- _BRIEF_: Look for "omega" in the material below and show each line that contains it.

--- DATA SHOWN ---

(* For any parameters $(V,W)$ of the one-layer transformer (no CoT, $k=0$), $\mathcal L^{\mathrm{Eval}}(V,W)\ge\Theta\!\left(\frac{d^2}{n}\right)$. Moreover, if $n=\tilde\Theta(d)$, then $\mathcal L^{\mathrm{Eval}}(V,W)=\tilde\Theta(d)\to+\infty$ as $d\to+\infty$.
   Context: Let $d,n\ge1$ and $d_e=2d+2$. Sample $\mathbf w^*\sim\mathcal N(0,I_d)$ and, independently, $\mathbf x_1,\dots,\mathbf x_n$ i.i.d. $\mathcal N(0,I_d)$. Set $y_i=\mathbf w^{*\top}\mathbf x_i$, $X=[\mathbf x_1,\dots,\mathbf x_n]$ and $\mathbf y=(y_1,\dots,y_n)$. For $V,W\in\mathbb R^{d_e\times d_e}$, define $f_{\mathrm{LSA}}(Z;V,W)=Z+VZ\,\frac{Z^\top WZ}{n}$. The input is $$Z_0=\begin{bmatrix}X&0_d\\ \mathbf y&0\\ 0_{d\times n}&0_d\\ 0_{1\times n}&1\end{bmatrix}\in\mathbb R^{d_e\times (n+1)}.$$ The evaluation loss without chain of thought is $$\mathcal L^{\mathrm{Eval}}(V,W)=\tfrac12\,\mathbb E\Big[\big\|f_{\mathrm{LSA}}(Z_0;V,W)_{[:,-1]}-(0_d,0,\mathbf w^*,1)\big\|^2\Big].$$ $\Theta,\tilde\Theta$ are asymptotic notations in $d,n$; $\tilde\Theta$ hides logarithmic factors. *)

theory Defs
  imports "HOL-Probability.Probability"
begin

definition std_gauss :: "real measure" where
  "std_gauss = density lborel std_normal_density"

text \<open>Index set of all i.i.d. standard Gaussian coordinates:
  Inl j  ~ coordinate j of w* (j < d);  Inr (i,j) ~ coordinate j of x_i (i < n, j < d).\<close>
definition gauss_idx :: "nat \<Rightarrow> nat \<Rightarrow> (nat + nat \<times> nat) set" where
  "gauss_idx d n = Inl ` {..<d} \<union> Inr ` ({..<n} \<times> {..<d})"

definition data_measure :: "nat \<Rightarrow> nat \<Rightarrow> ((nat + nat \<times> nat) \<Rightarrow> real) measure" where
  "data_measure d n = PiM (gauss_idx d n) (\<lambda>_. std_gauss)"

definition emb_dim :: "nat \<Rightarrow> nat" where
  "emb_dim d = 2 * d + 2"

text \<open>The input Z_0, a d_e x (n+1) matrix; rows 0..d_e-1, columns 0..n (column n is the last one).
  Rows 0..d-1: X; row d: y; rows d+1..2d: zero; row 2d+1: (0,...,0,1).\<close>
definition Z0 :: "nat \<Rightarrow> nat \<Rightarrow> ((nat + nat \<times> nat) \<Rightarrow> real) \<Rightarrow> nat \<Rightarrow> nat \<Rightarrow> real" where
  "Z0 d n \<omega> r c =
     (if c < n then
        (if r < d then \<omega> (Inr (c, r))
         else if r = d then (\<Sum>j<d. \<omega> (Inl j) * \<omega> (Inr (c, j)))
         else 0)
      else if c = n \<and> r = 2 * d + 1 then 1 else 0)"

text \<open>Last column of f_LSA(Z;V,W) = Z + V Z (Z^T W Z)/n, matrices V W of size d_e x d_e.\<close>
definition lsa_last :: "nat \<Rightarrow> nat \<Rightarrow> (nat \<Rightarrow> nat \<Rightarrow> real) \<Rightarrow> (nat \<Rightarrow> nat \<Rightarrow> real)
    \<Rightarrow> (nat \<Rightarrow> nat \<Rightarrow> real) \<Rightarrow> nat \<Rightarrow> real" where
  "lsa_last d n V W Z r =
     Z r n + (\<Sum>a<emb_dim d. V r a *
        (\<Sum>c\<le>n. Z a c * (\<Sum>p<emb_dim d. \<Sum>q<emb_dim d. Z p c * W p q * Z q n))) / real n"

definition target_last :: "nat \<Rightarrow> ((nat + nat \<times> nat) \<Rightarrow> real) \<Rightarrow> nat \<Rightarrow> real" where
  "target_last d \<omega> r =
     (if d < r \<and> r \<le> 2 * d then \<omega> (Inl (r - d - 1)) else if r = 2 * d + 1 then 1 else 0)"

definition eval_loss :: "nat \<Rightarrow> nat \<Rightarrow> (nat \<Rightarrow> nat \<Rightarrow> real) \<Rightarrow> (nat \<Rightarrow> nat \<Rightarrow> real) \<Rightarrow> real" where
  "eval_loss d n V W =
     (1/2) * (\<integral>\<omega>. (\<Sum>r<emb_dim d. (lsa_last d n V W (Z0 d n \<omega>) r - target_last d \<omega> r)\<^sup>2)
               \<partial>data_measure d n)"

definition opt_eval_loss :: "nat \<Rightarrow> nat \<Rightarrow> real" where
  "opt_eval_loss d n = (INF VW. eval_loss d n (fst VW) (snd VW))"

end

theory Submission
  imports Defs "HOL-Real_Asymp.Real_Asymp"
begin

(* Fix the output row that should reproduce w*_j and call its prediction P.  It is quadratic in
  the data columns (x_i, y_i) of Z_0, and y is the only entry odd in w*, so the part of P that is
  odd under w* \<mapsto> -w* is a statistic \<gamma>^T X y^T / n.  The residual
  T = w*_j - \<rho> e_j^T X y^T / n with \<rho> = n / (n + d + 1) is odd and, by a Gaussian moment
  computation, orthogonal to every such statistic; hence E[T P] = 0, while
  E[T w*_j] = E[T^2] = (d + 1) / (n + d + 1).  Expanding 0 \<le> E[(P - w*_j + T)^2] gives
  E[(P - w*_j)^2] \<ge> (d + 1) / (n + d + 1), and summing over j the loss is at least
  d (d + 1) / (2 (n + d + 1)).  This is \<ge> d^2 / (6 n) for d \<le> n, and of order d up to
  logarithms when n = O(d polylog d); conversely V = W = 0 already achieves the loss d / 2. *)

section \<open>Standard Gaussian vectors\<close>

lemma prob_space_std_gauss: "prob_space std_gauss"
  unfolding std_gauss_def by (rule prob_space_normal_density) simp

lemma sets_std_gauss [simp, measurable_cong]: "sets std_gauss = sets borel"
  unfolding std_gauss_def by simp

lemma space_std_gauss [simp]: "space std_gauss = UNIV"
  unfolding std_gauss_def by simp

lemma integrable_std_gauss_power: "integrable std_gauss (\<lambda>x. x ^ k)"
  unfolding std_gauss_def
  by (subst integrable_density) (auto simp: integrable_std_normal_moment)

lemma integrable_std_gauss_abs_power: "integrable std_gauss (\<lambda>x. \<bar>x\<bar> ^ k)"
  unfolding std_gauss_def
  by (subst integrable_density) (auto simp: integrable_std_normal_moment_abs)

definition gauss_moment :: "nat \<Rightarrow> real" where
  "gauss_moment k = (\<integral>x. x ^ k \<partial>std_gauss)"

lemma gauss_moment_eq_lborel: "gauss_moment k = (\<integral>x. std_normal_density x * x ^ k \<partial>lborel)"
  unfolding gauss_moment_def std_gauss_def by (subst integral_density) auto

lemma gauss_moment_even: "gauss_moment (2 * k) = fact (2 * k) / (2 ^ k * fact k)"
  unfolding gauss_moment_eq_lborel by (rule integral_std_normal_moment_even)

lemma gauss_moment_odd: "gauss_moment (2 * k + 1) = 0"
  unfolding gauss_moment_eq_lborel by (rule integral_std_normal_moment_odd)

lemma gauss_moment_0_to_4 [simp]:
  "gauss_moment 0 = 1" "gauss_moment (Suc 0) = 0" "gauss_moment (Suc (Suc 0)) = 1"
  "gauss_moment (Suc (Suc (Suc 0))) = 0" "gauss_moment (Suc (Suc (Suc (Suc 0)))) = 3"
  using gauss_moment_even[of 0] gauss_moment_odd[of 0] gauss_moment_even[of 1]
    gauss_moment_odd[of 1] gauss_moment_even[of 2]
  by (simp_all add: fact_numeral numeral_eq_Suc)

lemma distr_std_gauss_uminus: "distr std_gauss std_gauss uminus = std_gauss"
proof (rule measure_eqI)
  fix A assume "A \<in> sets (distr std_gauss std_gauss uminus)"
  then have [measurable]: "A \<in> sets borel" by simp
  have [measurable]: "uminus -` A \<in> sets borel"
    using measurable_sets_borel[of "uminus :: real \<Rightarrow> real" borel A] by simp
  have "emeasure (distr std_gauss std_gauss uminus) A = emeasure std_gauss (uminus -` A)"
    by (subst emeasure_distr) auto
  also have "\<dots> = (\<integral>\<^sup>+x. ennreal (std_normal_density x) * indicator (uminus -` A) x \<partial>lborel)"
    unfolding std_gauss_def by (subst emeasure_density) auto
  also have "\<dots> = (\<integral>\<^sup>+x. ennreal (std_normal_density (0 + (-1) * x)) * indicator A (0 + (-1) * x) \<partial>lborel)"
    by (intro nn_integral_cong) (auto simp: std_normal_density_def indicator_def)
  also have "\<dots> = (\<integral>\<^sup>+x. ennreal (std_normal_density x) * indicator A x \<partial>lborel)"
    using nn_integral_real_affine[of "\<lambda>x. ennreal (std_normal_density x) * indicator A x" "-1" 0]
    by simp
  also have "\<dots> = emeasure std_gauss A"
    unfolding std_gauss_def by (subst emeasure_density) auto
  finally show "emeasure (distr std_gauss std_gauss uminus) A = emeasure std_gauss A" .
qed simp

---

- _EXERCISE OUTPUT_:
  "Z0 d n \<omega> r c =
        (if r < d then \<omega> (Inr (c, r))
         else if r = d then (\<Sum>j<d. \<omega> (Inl j) * \<omega> (Inr (c, j)))
  "target_last d \<omega> r =
     (if d < r \<and> r \<le> 2 * d then \<omega> (Inl (r - d - 1)) else if r = 2 * d + 1 then 1 else 0)"
     (1/2) * (\<integral>\<omega>. (\<Sum>r<emb_dim d. (lsa_last d n V W (Z0 d n \<omega>) r - target_last d \<omega> r)\<^sup>2)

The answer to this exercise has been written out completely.